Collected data
____
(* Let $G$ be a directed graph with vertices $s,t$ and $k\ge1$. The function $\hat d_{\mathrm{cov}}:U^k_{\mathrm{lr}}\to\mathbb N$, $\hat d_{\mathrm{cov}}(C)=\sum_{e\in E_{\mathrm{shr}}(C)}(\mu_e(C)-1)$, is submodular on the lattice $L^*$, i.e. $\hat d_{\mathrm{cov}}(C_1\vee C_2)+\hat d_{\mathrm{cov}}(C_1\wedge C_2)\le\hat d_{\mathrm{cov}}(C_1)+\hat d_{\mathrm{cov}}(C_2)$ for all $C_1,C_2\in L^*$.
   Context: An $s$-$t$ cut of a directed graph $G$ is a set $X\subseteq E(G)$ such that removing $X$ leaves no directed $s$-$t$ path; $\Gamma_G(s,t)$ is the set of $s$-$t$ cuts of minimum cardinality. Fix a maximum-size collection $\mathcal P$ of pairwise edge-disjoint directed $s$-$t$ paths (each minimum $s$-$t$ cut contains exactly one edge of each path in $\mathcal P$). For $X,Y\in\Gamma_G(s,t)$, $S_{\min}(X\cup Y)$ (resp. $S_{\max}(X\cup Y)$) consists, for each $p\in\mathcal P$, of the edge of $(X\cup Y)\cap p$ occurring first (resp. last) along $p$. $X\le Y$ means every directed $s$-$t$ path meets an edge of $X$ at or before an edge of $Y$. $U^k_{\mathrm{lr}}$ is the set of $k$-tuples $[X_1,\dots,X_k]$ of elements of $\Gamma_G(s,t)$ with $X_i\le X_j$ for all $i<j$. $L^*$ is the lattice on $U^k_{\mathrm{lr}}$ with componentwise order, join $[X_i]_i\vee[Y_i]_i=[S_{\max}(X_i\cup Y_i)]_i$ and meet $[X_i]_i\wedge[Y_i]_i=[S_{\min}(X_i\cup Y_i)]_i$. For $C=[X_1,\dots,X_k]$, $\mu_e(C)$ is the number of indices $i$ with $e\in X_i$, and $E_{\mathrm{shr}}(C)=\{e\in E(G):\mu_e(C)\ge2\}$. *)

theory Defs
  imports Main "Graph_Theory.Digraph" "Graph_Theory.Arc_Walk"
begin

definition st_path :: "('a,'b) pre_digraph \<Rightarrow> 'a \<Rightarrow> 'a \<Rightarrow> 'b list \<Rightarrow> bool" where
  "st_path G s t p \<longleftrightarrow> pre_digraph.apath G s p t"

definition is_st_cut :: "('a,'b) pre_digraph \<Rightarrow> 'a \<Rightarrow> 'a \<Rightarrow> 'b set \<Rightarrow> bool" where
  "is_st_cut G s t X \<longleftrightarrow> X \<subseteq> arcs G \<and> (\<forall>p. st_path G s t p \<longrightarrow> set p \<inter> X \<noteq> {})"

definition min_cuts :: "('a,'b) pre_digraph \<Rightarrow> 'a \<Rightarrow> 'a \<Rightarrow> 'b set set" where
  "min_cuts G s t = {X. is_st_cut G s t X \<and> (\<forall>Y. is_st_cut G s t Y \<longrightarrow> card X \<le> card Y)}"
____
* [PROBLEM STATEMENT]: Nothing but the lines from the one with "t p \<longleftrightarrow>" through the last line of the data should appear; print them exactly.

* [OUTPUT FOR THIS EXERCISE]:
  "st_path G s t p \<longleftrightarrow> pre_digraph.apath G s p t"

definition is_st_cut :: "('a,'b) pre_digraph \<Rightarrow> 'a \<Rightarrow> 'a \<Rightarrow> 'b set \<Rightarrow> bool" where
  "is_st_cut G s t X \<longleftrightarrow> X \<subseteq> arcs G \<and> (\<forall>p. st_path G s t p \<longrightarrow> set p \<inter> X \<noteq> {})"

definition min_cuts :: "('a,'b) pre_digraph \<Rightarrow> 'a \<Rightarrow> 'a \<Rightarrow> 'b set set" where
  "min_cuts G s t = {X. is_st_cut G s t X \<and> (\<forall>Y. is_st_cut G s t Y \<longrightarrow> card X \<le> card Y)}"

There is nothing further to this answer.